This transformation is not reassociation of pointer arithmetic.
The idea of this patch is, given two instructions with variable value,
we may get new instruction sequences with fixed value by reassociating
their operands. And currently GCC only generate such instruction
sequences for local array accessing as far as I known.
for the statement "D.2707 = A[i]", gcc generate the following
instruction sequence:
(insn 92 91 93 6 (set (reg/f:DI 148)
(plus:DI (reg/f:DI 64 sfp)
(reg:DI 147 [ i ])))
(expr_list:REG_DEAD (reg:DI 147 [ i ])
(nil)))
(insn 93 92 94 6 (set (reg:SI 149 [ D.2707 ])

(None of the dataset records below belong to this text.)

(* In an $m$-partial SCS, let $r$ and $r'$ be rings (not necessarily distinct) that cross each other at a crossing point $c$, and let $u$ and $u'$ be robots in $r$ and $r'$, respectively. If there are two paths of equal length, one from $u$ to $c$ in $r$ and one from $u'$ to $c$ in $r'$ (each possibly longer than its ring), then neither $u$ nor $u'$ is starving.
   Context: Let $T=\{C_1,\dots,C_n\}$ be pairwise disjoint unit circles in the plane (trajectories) and $\epsilon<0.5$ a communication range. The graph of potential links $G_\epsilon(T)$ has the circle centers as nodes and an edge $\{i,j\}$ whenever the centers of $C_i,C_j$ are at distance at most $2+\epsilon$; it is assumed connected. Points of a circle are identified with angles (modulo $2\pi$), and a robot traverses a circle in one time unit. A schedule is a pair $(f,g)$, $f:T\to[0,2\pi)$, $g:T\to\{-1,1\}$ ($1$ = counterclockwise); the robot on $C_i$ is at angle $f(C_i)+2\pi g(C_i)t$ at time $t$. A communication graph $G=(V,E)$ is a connected spanning subgraph of $G_\epsilon(T)$. The link position $\phi_{ij}$ is the point of $C_i$ closest to $C_j$. A schedule is $G$-synchronized if for every $\{i,j\}\in E$ the robot on $C_i$ is at $\phi_{ij}$ exactly when the robot on $C_j$ is at $\phi_{ji}$. An SCS with communication graph $G$ consists of $n$ robots, one per circle, moving under a $G$-synchronized schedule with $g(C_i)=-g(C_j)$ for all $\{i,j\}\in E$. Shifting protocol: when a robot on $C_i$ reaches $\phi_{ij}$ and there is no robot at $\phi_{ji}$, it moves to $C_j$ and thereafter follows the schedule of $C_j$. An $m$-partial SCS is obtained by removing $n-m$ robots, the remaining $m$ applying the shifting protocol. A surviving robot starves if every time it arrives at a link position the corresponding neighbor is absent. A ring is the closed path traversed by a starving robot (following the assigned direction on each circle and always shifting to the neighboring circle at link positions). The length of a path along a ring is the total length of circle arcs it traverses, with multiplicity, ignoring transitions between circles; a path in a ring follows the travel direction of the ring and may contain full tours. The crossing point of neighboring circles $C_i,C_j$ is the midpoint of the segment joining $\phi_{ij}$ and $\phi_{ji}$; rings pass through crossing points. *)

theory Defs
  imports Complex_Main
begin

text \<open>The plane is the complex plane. Trajectories are the unit circles with
  centers cen 0, ..., cen (n-1). Points of circle i are cen i + cis a.\<close>

definition potential_link :: "nat \<Rightarrow> (nat \<Rightarrow> complex) \<Rightarrow> real \<Rightarrow> nat \<Rightarrow> nat \<Rightarrow> bool" where
  "potential_link n cen \<epsilon> i j \<longleftrightarrow> i < n \<and> j < n \<and> i \<noteq> j \<and> cmod (cen i - cen j) \<le> 2 + \<epsilon>"

definition graph_connected :: "nat \<Rightarrow> (nat \<Rightarrow> nat \<Rightarrow> bool) \<Rightarrow> bool" where
  "graph_connected n R \<longleftrightarrow> (\<forall>i<n. \<forall>j<n. R\<^sup>*\<^sup>* i j)"

definition trajectories_ok :: "nat \<Rightarrow> (nat \<Rightarrow> complex) \<Rightarrow> real \<Rightarrow> bool" where
  "trajectories_ok n cen \<epsilon> \<longleftrightarrow>
     (\<forall>i<n. \<forall>j<n. i \<noteq> j \<longrightarrow> 2 < cmod (cen i - cen j)) \<and> \<epsilon> < 1/2 \<and>
     graph_connected n (potential_link n cen \<epsilon>)"

definition comm_graph :: "nat \<Rightarrow> (nat \<Rightarrow> complex) \<Rightarrow> real \<Rightarrow> (nat \<Rightarrow> nat \<Rightarrow> bool) \<Rightarrow> bool" where
  "comm_graph n cen \<epsilon> E \<longleftrightarrow>
     (\<forall>i j. E i j \<longrightarrow> potential_link n cen \<epsilon> i j) \<and> (\<forall>i j. E i j \<longrightarrow> E j i) \<and>
     graph_connected n E"

text \<open>Link position phi_ij: the point of C_i closest to C_j.\<close>
definition link_pt :: "(nat \<Rightarrow> complex) \<Rightarrow> nat \<Rightarrow> nat \<Rightarrow> complex" where
  "link_pt cen i j = cen i + sgn (cen j - cen i)"
definition step2_slot :: "nat \<times> nat \<Rightarrow> nat" where
  "step2_slot z = (if L_type z then rank z else lms_slot z)"

lemma rank_neq_lms_slot:
  assumes "x \<in> Pos" "L_type x" "z \<in> set ord"
  shows "rank x \<noteq> lms_slot z"
proof -
  note bounds = rank_bounds_L_type[OF assms(1,2)] rank_bounds[OF assms(1)] lms_slot_bounds[OF assms(3)]
  consider "letter x < letter z" | "letter x = letter z" | "letter z < letter x"
    by fastforce
  then show ?thesis
  proof cases
    case 1
    then show ?thesis
      using bounds bend_le_bstart[OF 1] by linarith
  next
    case 2
    then show ?thesis
      using bounds by simp
  next
    case 3
    then show ?thesis
      using bounds bend_le_bstart[OF 3] by linarith
  qed
qed

lemma inj_on_step2_slot: "inj_on step2_slot {z \<in> Pos. L_type z \<or> LMS_type z}"
proof (rule inj_onI)
  fix z z'
  assume "z \<in> {z \<in> Pos. L_type z \<or> LMS_type z}" "z' \<in> {z \<in> Pos. L_type z \<or> LMS_type z}"
    and eq: "step2_slot z = step2_slot z'"
  then have z: "z \<in> Pos" "L_type z \<or> z \<in> set ord" and z': "z' \<in> Pos" "L_type z' \<or> z' \<in> set ord"
    using in_set_ord_iff by auto
  show "z = z'"
    using z z' eq rank_inj inj_on_lms_slot rank_neq_lms_slot in_set_ord_iff not_L_type_if_LMS_type
    unfolding step2_slot_def inj_on_def by metis
qed

lemma step2_slot_bounds:
  assumes "z \<in> Pos" "L_type z \<or> LMS_type z"
  shows "bstart Ts (letter z) \<le> step2_slot z" "step2_slot z < bend Ts (letter z)"
    and "L_type z \<longleftrightarrow> step2_slot z < bstart Ts (letter z) + L_count (letter z)"
  using assms rank_bounds_L_type[OF assms(1)] rank_bounds[OF assms(1)] lms_slot_bounds[of z]
    in_set_ord_iff[of z] not_L_type_if_LMS_type[OF assms(1)] unfolding step2_slot_def by auto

(zero_extend:SI (mem/j:QI (plus:DI (reg/f:DI 148)
(const_int -16 [0xfffffffffffffff0])) [0 A S1 A8])))
(expr_list:REG_DEAD (reg/f:DI 148)
(nil)))
both insn 92 and insn 93 are with variable value, but
"(reg/f:DI 64 sfp)" in insn 92 and "const_int -16" in insn 93 are
fixed value.
So my patch will transform above sequence into the following if
"apply_change_group" succeed. Then insn 92 is with fixed value and
thus loop invariant.
(insn 92 88 97 5 (set (reg/f:DI 148)
(plus:DI (reg/f:DI 64 sfp)
(const_int -16 [0xfffffffffffffff0])))
(nil))
(insn 93 131 94 6 (set (reg:SI 149 [ D.2707 ])
(zero_extend:SI (mem/j:QI (plus:DI (reg/f:DI 148)
(reg:DI 147 [ i ])) [0 A S1 A8])))
(expr_list:REG_DEAD (reg:DI 147 [ i ])
(expr_list:REG_DEAD (reg/f:DI 148)
(nil))))
This tranformation will only be done if the def of r148 in insn 92 is the single
def for the use of it in insn 93, and the use in insn 93 is also
single use.
And if there is overflow, then it will happen in the original insn 93
also, then it should not be generated in the first place. So I think
there is no need to do overflow check.
Does this explanation make sense?
--
Regards,
Jiong